Required action ->
Some entries follow. Reproduce exactly the lines starting at the one with "ball x r \<and>" and stopping after the one with "(\<forall>x r v".

── Material provided ──

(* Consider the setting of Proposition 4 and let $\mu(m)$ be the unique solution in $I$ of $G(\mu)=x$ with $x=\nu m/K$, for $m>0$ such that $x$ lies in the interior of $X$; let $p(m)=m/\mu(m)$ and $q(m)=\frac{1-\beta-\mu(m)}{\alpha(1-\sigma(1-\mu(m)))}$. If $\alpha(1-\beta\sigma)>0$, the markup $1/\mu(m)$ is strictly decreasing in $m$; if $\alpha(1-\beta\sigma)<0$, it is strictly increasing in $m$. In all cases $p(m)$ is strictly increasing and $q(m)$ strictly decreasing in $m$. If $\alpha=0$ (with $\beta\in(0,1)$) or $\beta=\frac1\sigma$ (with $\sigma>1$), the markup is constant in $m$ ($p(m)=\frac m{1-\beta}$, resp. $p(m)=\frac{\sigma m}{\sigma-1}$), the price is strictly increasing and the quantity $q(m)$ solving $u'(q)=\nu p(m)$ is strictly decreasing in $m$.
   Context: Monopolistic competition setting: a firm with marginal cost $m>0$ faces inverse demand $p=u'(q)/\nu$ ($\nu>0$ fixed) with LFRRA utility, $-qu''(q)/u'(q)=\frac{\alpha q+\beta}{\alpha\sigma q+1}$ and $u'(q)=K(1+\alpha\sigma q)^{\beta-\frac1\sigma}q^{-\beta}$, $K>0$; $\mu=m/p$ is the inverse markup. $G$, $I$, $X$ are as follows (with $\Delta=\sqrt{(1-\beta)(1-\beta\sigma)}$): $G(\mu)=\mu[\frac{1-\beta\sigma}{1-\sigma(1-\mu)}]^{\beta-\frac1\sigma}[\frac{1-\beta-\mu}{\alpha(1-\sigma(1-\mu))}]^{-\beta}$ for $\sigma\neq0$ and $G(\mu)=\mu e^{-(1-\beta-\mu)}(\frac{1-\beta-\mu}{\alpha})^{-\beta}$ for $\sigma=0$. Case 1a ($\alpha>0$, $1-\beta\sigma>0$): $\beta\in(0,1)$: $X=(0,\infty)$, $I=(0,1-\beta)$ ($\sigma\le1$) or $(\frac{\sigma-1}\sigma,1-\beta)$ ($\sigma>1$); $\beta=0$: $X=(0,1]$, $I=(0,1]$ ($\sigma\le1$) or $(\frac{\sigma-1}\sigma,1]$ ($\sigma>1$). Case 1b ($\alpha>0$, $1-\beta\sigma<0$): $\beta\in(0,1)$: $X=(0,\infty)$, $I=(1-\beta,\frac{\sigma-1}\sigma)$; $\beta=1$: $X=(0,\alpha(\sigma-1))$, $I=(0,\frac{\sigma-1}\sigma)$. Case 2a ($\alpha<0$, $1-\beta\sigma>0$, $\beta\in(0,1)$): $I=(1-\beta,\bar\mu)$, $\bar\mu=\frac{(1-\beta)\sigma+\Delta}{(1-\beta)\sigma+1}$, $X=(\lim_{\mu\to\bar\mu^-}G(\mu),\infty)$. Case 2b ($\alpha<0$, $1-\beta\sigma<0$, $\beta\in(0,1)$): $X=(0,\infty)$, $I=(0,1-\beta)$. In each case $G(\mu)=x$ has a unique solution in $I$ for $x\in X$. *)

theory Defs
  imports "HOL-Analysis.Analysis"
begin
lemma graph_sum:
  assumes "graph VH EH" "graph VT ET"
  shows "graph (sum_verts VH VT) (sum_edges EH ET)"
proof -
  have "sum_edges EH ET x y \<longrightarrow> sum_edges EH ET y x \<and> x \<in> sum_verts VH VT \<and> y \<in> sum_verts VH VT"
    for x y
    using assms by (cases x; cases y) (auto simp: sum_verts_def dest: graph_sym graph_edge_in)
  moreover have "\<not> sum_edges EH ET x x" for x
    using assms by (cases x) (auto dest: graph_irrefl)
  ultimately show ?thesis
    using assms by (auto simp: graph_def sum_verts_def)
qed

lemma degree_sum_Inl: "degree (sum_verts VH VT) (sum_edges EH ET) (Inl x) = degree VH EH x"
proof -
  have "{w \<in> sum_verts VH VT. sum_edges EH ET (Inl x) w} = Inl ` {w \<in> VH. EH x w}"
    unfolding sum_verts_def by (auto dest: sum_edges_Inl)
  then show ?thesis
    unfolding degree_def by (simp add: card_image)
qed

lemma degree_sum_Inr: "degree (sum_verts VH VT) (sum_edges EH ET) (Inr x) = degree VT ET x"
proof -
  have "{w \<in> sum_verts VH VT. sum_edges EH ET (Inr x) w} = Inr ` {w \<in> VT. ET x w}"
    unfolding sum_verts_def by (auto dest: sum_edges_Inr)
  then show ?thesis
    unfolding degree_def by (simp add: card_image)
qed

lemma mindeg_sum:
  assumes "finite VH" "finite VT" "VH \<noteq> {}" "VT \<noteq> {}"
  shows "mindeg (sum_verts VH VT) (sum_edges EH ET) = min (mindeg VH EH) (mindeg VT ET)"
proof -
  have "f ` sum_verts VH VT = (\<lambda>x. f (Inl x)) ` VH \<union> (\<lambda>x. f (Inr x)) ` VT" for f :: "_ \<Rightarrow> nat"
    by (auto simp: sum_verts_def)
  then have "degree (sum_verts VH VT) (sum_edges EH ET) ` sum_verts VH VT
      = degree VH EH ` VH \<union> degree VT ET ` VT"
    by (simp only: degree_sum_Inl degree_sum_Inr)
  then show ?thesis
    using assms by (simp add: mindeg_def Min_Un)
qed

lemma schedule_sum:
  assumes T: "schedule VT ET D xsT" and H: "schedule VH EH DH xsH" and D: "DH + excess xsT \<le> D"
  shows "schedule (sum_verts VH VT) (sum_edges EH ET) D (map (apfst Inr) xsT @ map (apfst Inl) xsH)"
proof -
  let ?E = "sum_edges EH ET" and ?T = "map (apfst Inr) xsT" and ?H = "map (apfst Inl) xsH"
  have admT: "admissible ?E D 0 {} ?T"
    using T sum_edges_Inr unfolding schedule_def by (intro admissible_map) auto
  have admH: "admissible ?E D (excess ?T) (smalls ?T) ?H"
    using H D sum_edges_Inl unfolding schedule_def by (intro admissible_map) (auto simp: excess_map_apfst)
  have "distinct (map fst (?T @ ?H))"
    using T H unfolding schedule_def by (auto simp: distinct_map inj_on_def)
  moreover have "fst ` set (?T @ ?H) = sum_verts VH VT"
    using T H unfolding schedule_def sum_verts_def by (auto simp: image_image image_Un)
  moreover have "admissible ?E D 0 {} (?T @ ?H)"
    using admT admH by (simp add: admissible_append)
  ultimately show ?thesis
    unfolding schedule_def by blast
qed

───
── Material provided ──

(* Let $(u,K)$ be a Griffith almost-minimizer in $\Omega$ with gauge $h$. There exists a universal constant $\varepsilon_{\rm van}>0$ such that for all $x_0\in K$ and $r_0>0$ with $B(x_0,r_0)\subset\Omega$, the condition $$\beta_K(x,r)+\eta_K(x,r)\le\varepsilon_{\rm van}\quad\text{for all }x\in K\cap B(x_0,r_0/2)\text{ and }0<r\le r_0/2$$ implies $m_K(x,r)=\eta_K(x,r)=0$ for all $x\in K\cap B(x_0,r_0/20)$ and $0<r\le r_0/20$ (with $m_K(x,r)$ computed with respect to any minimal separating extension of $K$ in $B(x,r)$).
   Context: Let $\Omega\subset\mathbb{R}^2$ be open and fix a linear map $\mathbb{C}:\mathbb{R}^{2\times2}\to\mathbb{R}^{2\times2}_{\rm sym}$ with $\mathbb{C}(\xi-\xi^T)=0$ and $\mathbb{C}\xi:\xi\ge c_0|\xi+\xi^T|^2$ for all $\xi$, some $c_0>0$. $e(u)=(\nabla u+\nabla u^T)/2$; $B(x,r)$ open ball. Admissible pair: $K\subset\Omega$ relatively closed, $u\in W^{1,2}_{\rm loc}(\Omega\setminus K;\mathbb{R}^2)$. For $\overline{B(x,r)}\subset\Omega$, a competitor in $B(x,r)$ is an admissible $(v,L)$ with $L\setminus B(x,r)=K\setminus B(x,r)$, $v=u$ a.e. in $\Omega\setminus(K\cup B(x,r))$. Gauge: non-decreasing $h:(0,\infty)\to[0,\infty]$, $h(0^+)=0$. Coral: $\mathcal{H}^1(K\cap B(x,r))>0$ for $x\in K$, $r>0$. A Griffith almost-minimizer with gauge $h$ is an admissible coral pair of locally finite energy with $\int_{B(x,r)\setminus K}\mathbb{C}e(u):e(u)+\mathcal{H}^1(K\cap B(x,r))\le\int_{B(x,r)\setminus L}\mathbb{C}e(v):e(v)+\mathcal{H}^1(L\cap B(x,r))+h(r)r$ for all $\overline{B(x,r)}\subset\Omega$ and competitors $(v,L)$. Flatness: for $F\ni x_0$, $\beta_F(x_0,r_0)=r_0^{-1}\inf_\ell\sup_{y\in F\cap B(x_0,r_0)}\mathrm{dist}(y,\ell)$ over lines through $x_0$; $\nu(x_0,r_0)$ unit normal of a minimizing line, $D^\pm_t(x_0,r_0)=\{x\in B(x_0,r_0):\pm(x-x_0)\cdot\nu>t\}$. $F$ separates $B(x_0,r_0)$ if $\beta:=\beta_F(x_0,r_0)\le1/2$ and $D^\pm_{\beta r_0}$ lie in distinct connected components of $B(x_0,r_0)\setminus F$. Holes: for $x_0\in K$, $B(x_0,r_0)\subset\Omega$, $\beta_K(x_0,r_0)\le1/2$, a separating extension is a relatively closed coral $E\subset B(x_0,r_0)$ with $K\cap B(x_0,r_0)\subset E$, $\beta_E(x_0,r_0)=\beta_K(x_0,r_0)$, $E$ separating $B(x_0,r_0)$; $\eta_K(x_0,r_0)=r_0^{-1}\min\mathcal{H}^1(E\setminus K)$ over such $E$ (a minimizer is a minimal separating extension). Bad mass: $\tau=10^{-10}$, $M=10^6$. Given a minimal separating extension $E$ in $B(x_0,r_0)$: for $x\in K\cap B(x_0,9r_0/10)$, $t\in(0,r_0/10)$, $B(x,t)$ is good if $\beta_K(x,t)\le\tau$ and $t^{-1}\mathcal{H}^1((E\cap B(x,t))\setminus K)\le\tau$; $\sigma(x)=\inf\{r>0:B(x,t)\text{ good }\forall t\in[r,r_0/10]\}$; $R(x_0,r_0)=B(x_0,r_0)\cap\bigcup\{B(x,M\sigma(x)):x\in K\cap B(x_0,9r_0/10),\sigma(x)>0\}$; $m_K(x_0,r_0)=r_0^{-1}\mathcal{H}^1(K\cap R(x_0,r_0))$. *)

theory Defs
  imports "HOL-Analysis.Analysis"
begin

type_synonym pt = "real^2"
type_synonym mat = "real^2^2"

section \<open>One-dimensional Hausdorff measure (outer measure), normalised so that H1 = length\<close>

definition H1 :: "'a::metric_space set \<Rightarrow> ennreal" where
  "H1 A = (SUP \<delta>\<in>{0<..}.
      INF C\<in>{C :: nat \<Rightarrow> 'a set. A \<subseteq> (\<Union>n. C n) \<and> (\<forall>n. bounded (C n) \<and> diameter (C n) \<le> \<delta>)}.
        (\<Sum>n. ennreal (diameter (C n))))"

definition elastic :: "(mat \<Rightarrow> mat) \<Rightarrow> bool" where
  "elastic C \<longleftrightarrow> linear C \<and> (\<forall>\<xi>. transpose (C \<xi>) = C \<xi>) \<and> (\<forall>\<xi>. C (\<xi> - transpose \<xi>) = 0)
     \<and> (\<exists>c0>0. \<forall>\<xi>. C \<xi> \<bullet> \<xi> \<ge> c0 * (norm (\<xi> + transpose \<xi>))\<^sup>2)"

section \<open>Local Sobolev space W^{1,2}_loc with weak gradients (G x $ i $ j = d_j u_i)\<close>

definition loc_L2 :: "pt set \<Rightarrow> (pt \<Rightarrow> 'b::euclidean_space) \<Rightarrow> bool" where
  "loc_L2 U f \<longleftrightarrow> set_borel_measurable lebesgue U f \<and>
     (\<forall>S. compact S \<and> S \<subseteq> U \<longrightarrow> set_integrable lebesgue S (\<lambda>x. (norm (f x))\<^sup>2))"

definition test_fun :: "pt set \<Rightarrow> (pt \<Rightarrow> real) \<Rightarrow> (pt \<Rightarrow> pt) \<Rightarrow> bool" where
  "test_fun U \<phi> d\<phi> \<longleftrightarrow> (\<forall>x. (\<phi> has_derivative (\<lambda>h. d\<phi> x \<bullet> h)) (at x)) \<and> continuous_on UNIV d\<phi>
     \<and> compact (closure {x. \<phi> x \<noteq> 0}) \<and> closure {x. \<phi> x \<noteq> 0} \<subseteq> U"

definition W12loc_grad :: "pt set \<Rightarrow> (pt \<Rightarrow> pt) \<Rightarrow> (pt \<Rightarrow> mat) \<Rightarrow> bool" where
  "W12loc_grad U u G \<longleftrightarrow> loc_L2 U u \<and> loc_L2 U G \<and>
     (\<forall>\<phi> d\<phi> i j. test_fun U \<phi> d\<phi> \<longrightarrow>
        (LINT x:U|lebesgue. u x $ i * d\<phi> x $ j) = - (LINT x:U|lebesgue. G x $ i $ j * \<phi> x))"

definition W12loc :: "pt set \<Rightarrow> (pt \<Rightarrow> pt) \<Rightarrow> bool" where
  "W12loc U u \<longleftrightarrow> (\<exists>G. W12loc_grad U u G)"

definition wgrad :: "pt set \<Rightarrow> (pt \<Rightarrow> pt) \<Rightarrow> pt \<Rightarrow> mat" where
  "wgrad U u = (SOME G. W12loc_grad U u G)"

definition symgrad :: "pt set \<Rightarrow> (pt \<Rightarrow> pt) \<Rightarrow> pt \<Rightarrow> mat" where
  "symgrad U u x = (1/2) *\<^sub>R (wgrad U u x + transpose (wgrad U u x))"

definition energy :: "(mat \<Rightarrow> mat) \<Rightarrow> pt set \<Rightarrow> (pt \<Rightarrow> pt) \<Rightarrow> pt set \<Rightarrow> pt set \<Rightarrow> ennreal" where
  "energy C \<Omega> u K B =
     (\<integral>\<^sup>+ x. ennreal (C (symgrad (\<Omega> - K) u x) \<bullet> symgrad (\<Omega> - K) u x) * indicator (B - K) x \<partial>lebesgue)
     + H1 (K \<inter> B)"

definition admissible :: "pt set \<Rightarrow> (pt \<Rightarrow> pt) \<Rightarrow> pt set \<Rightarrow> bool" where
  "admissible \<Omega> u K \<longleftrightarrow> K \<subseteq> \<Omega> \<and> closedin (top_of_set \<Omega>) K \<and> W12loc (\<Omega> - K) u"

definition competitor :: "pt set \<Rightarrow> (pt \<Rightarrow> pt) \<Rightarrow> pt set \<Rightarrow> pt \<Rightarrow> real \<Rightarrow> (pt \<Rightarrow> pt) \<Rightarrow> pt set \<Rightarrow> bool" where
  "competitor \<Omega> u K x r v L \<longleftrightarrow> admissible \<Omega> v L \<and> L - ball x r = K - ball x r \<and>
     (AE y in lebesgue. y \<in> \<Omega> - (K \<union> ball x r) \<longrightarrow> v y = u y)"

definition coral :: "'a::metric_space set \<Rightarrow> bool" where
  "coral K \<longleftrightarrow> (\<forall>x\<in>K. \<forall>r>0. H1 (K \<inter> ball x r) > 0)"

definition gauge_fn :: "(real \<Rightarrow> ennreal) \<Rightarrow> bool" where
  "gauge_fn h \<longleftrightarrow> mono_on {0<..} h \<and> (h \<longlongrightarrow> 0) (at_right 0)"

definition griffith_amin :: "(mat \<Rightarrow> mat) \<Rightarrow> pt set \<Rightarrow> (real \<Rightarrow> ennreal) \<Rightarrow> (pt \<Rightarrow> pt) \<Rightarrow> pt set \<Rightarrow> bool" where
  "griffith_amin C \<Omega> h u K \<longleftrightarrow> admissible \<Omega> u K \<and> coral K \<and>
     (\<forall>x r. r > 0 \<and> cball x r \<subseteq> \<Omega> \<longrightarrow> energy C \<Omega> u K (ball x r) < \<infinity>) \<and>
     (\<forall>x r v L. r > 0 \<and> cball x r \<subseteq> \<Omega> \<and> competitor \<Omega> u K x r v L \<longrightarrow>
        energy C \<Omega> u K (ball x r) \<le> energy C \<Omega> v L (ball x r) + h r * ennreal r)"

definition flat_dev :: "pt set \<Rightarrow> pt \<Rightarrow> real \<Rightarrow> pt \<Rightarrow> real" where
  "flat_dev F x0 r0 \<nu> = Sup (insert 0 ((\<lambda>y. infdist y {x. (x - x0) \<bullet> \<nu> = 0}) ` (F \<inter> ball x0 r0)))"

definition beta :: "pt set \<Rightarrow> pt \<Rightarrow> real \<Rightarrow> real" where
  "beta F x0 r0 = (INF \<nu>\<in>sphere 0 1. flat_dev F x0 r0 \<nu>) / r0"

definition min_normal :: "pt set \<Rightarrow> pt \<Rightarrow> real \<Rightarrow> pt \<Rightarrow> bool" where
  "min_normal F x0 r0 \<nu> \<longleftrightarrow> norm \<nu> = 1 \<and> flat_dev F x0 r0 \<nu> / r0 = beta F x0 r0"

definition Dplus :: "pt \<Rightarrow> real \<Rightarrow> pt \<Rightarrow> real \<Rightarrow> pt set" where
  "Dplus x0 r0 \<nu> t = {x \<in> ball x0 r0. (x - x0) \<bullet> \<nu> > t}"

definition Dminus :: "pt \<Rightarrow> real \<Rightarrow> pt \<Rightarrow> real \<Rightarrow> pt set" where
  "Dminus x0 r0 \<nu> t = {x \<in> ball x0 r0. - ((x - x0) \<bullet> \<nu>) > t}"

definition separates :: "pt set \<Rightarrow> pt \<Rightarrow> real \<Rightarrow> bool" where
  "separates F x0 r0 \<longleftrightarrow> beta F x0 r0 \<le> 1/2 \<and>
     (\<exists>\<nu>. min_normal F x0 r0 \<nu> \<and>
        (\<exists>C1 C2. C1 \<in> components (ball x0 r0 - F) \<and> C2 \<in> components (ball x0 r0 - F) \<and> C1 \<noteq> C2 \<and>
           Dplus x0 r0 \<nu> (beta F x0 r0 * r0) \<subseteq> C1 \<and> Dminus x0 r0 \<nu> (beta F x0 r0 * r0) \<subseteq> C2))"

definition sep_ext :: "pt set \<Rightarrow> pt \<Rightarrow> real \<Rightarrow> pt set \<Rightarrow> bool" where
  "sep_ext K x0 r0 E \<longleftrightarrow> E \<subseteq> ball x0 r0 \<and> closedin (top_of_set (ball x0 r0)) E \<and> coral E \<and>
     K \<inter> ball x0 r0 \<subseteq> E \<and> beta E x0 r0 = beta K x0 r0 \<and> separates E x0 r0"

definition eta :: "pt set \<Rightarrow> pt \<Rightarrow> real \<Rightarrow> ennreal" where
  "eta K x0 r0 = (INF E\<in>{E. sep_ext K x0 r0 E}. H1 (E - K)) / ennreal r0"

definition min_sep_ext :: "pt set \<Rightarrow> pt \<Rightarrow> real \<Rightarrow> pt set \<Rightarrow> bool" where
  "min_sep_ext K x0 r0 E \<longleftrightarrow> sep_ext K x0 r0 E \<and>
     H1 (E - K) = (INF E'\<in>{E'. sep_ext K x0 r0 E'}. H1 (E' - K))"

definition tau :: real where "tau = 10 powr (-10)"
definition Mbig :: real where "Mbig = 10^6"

───

Solved exercise ->
  "competitor \<Omega> u K x r v L \<longleftrightarrow> admissible \<Omega> v L \<and> L - ball x r = K - ball x r \<and>
     (AE y in lebesgue. y \<in> \<Omega> - (K \<union> ball x r) \<longrightarrow> v y = u y)"

definition coral :: "'a::metric_space set \<Rightarrow> bool" where
  "coral K \<longleftrightarrow> (\<forall>x\<in>K. \<forall>r>0. H1 (K \<inter> ball x r) > 0)"

definition gauge_fn :: "(real \<Rightarrow> ennreal) \<Rightarrow> bool" where
  "gauge_fn h \<longleftrightarrow> mono_on {0<..} h \<and> (h \<longlongrightarrow> 0) (at_right 0)"

definition griffith_amin :: "(mat \<Rightarrow> mat) \<Rightarrow> pt set \<Rightarrow> (real \<Rightarrow> ennreal) \<Rightarrow> (pt \<Rightarrow> pt) \<Rightarrow> pt set \<Rightarrow> bool" where
  "griffith_amin C \<Omega> h u K \<longleftrightarrow> admissible \<Omega> u K \<and> coral K \<and>
     (\<forall>x r. r > 0 \<and> cball x r \<subseteq> \<Omega> \<longrightarrow> energy C \<Omega> u K (ball x r) < \<infinity>) \<and>
     (\<forall>x r v L. r > 0 \<and> cball x r \<subseteq> \<Omega> \<and> competitor \<Omega> u K x r v L \<longrightarrow>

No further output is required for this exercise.